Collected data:
=-=-=
(* Every conditional antimatroid is dismantlable, and every ample class of VC-dimension at most $2$ is dismantlable.
   Context: $X$ is a finite set and a concept class is $C\subseteq 2^X$. $Y$ is shattered by $C$ if $\{c\cap Y:c\in C\}=2^Y$; VC-dimension is the maximum size of a shattered set. A cube of $2^X$ is $\{T\cup Z:Z\subseteq Y\}$ with $Y\subseteq X$, $T\subseteq X\setminus Y$ ($Y$ its support); $C$ is ample if every set shattered by $C$ is the support of a cube contained in $C$. $C$ is dismantlable if it admits an ordering $c_1,\dots,c_m$ of all its concepts such that every level set $\{c_1,\dots,c_i\}$ is ample (equivalently, each $c_i$ is a corner of $\{c_1,\dots,c_i\}$, i.e. lies in exactly one inclusion-maximal cube contained in it). A conditional antimatroid is a class $C$ with $\varnothing\in C$, closed under intersection, such that every $c\in C$ is the smallest member of $C$ containing $\mathrm{ex}(c)$, where $\mathrm{ex}(c)=\{x\in c: c\setminus\{x\}\in C\}$ is the set of extremal points of $c$. *)

theory Defs
  imports Main
begin

definition shatters :: "'a set set \<Rightarrow> 'a set \<Rightarrow> bool" where
  "shatters C Y \<longleftrightarrow> {c \<inter> Y | c. c \<in> C} = Pow Y"

definition vc_dim :: "'a set \<Rightarrow> 'a set set \<Rightarrow> nat" where
  "vc_dim X C = Max {card Y | Y. Y \<subseteq> X \<and> shatters C Y}"

definition cube :: "'a set \<Rightarrow> 'a set \<Rightarrow> 'a set set" where
  "cube Y T = {T \<union> Z | Z. Z \<subseteq> Y}"

definition ample :: "'a set \<Rightarrow> 'a set set \<Rightarrow> bool" where
  "ample X C \<longleftrightarrow>
     (\<forall>Y. Y \<subseteq> X \<and> shatters C Y \<longrightarrow> (\<exists>T. T \<subseteq> X - Y \<and> cube Y T \<subseteq> C))"

definition dismantlable :: "'a set \<Rightarrow> 'a set set \<Rightarrow> bool" where
  "dismantlable X C \<longleftrightarrow>
     (\<exists>cs. distinct cs \<and> set cs = C \<and>
           (\<forall>i \<in> {1..length cs}. ample X (set (take i cs))))"

definition ex_pts :: "'a set set \<Rightarrow> 'a set \<Rightarrow> 'a set" where
  "ex_pts C c = {x \<in> c. c - {x} \<in> C}"

definition cond_antimatroid :: "'a set set \<Rightarrow> bool" where
  "cond_antimatroid C \<longleftrightarrow>
     {} \<in> C \<and>
     (\<forall>c \<in> C. \<forall>c' \<in> C. c \<inter> c' \<in> C) \<and>
     (\<forall>c \<in> C. \<forall>c' \<in> C. ex_pts C c \<subseteq> c' \<longrightarrow> c \<subseteq> c')"

end

(*
  A conditional antimatroid C is ample: for a shattered set Y, every point of Y is extremal
  in the least member a of C containing Y, and closure under intersection then puts the whole
  cube between a - Y and a into C.  Removing an inclusion-maximal member keeps C a conditional
  antimatroid.

  An ample class has exactly as many strongly shattered sets (supports of cubes) as concepts,
  and deleting a corner destroys only the support of its maximal cube, so removing a corner
  preserves ampleness.  Corners exist when the VC-dimension is at most 2: by induction on |C|,
  every proper ample subclass F of VC-dimension at most 1 (a tree) misses a corner of C.
  Either a halfspace of C is handed to the induction, with the concepts that have their
  x-neighbour in C as the new tree, or a leaf f of F is alone in its halfspace of C, in which
  case f is a corner and the induction proceeds on C - {f}.
*)

theory Submission
  imports Defs
begin

lemma mem_cube [simp]: "e \<in> cube Y T \<longleftrightarrow> T \<subseteq> e \<and> e \<subseteq> T \<union> Y"
proof
  assume "T \<subseteq> e \<and> e \<subseteq> T \<union> Y"
  then have "e = T \<union> (e \<inter> Y)" by blast
  then show "e \<in> cube Y T" unfolding cube_def by blast
qed (auto simp: cube_def)

lemma cube_subset_cube: "cube Y T \<subseteq> cube S U \<longleftrightarrow> U \<subseteq> T \<and> T \<union> Y \<subseteq> U \<union> S"
proof
  assume "cube Y T \<subseteq> cube S U"
  moreover have "T \<in> cube Y T" "T \<union> Y \<in> cube Y T" by auto
  ultimately show "U \<subseteq> T \<and> T \<union> Y \<subseteq> U \<union> S" by (meson mem_cube subsetD)
qed (simp add: subset_iff, blast)

lemma shatters_iff: "shatters C Y \<longleftrightarrow> (\<forall>Z\<subseteq>Y. \<exists>c\<in>C. c \<inter> Y = Z)"
proof -
  have "{c \<inter> Y | c. c \<in> C} \<subseteq> Pow Y" by blast
  then have "shatters C Y \<longleftrightarrow> Pow Y \<subseteq> {c \<inter> Y | c. c \<in> C}"
    unfolding shatters_def by blast
  then show ?thesis by blast
qed

lemma shatters_mono: "shatters D Y \<Longrightarrow> D \<subseteq> E \<Longrightarrow> shatters E Y"
  unfolding shatters_iff by (meson subsetD)

lemma shatters_subset: "shatters D Y \<Longrightarrow> D \<subseteq> Pow X \<Longrightarrow> Y \<subseteq> X"
  unfolding shatters_iff by blast

lemma shatters_singletonI: "a \<in> D \<Longrightarrow> b \<in> D \<Longrightarrow> z \<in> a \<Longrightarrow> z \<notin> b \<Longrightarrow> shatters D {z}"
  unfolding shatters_iff by (auto simp: subset_singleton_iff)

lemma shatters_doubletonI:
  assumes "\<And>bx bz. \<exists>c\<in>D. (x \<in> c \<longleftrightarrow> bx) \<and> (z \<in> c \<longleftrightarrow> bz)"
  shows "shatters D {x, z}"
  unfolding shatters_iff
proof (intro allI impI)
  fix Z assume "Z \<subseteq> {x, z}"
  obtain c where "c \<in> D" "x \<in> c \<longleftrightarrow> x \<in> Z" "z \<in> c \<longleftrightarrow> z \<in> Z" using assms by blast
  then have "c \<inter> {x, z} = Z" using \<open>Z \<subseteq> {x, z}\<close> by blast
  with \<open>c \<in> D\<close> show "\<exists>c\<in>D. c \<inter> {x, z} = Z" by blast
qed

lemma not_shatters_empty: "\<not> shatters {} Y"
  unfolding shatters_iff by blast

lemma shatters_singleton_class: "shatters {f} Y \<Longrightarrow> Y = {}"
  unfolding shatters_iff by blast

lemma ample_empty: "ample X {}"
  unfolding ample_def using not_shatters_empty by blast

lemma ample_singleton:
  assumes "f \<subseteq> X" shows "ample X {f}"
  unfolding ample_def
proof (intro allI impI)
  fix Y assume "Y \<subseteq> X \<and> shatters {f} Y"
  then have "Y = {}" using shatters_singleton_class by blast
  moreover have "cube {} f \<subseteq> {f}" by auto
  ultimately show "\<exists>T. T \<subseteq> X - Y \<and> cube Y T \<subseteq> {f}" using assms by blast
qed

lemma ampleE:
  assumes "ample X D" "Y \<subseteq> X" "shatters D Y"
  obtains T where "T \<subseteq> X - Y" "cube Y T \<subseteq> D"
  using assms unfolding ample_def by meson

lemma ample_edge:
  assumes "ample X D" "z \<in> X" "shatters D {z}"
  obtains T where "z \<notin> T" "T \<in> D" "insert z T \<in> D"
proof -
  obtain T where "T \<subseteq> X - {z}" "cube {z} T \<subseteq> D"
    using assms by (elim ampleE) simp_all
  moreover have "T \<in> cube {z} T" "insert z T \<in> cube {z} T" by auto
  ultimately show ?thesis using that by blast
qed

definition vc_bounded :: "'a set \<Rightarrow> nat \<Rightarrow> 'a set set \<Rightarrow> bool" where
  "vc_bounded X k D \<longleftrightarrow> (\<forall>Y \<subseteq> X. shatters D Y \<longrightarrow> card Y \<le> k)"

lemma vc_boundedD: "vc_bounded X k D \<Longrightarrow> Y \<subseteq> X \<Longrightarrow> shatters D Y \<Longrightarrow> card Y \<le> k"
  unfolding vc_bounded_def by blast

lemma vc_bounded_mono: "vc_bounded X k D \<Longrightarrow> E \<subseteq> D \<Longrightarrow> vc_bounded X k E"
  unfolding vc_bounded_def using shatters_mono by blast

lemma vc_bounded_empty: "vc_bounded X k {}"
  unfolding vc_bounded_def using not_shatters_empty by blast

lemma vc_bounded_singleton: "vc_bounded X k {f}"
  unfolding vc_bounded_def by (auto dest: shatters_singleton_class)

lemma vc_bounded_vc_dim:
  assumes "finite X" "vc_dim X C \<le> k"
  shows "vc_bounded X k C"
  unfolding vc_bounded_def
proof (intro allI impI)
  fix Y assume "Y \<subseteq> X" "shatters C Y"
  have "finite (card ` Pow X)" using assms(1) by simp
  then have "finite {card Y | Y. Y \<subseteq> X \<and> shatters C Y}"
    by (rule finite_subset[rotated]) blast
  then have "card Y \<le> vc_dim X C"
    unfolding vc_dim_def using \<open>Y \<subseteq> X\<close> \<open>shatters C Y\<close> by (blast intro: Max_ge)
  with assms(2) show "card Y \<le> k" by simp
qed

lemma vc_bounded_1_doubleton:
  "vc_bounded X 1 D \<Longrightarrow> x \<in> X \<Longrightarrow> z \<in> X \<Longrightarrow> x \<noteq> z \<Longrightarrow> \<not> shatters D {x, z}"
proof
  assume "vc_bounded X 1 D" "x \<in> X" "z \<in> X" "x \<noteq> z" "shatters D {x, z}"
  then have "card {x, z} \<le> 1" by (intro vc_boundedD) simp_all
  with \<open>x \<noteq> z\<close> show False by simp
qed

section \<open>The sandwich lemma\<close>

text \<open>\<open>cube_supports X D\<close> is the family of sets strongly shattered by \<open>D\<close>; \<open>deletion x D\<close> and
  \<open>reduction x D\<close> are the restriction of \<open>D\<close> to \<open>X - {x}\<close> and the reduction \<open>D\<^sup>x\<close>.\<close>

definition cube_supports :: "'a set \<Rightarrow> 'a set set \<Rightarrow> 'a set set" where
  "cube_supports X D = {Y. Y \<subseteq> X \<and> (\<exists>T. T \<subseteq> X - Y \<and> cube Y T \<subseteq> D)}"

definition shattered_sets :: "'a set \<Rightarrow> 'a set set \<Rightarrow> 'a set set" where
  "shattered_sets X D = {Y. Y \<subseteq> X \<and> shatters D Y}"

definition deletion :: "'a \<Rightarrow> 'a set set \<Rightarrow> 'a set set" where
  "deletion x D = (\<lambda>d. d - {x}) ` D"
=-=-=
#### Task directions
Every line above that holds the word "induction" should be copied out.

#### Result for this task
  preserves ampleness.  Corners exist when the VC-dimension is at most 2: by induction on |C|,
  Either a halfspace of C is handed to the induction, with the concepts that have their
  case f is a corner and the induction proceeds on C - {f}.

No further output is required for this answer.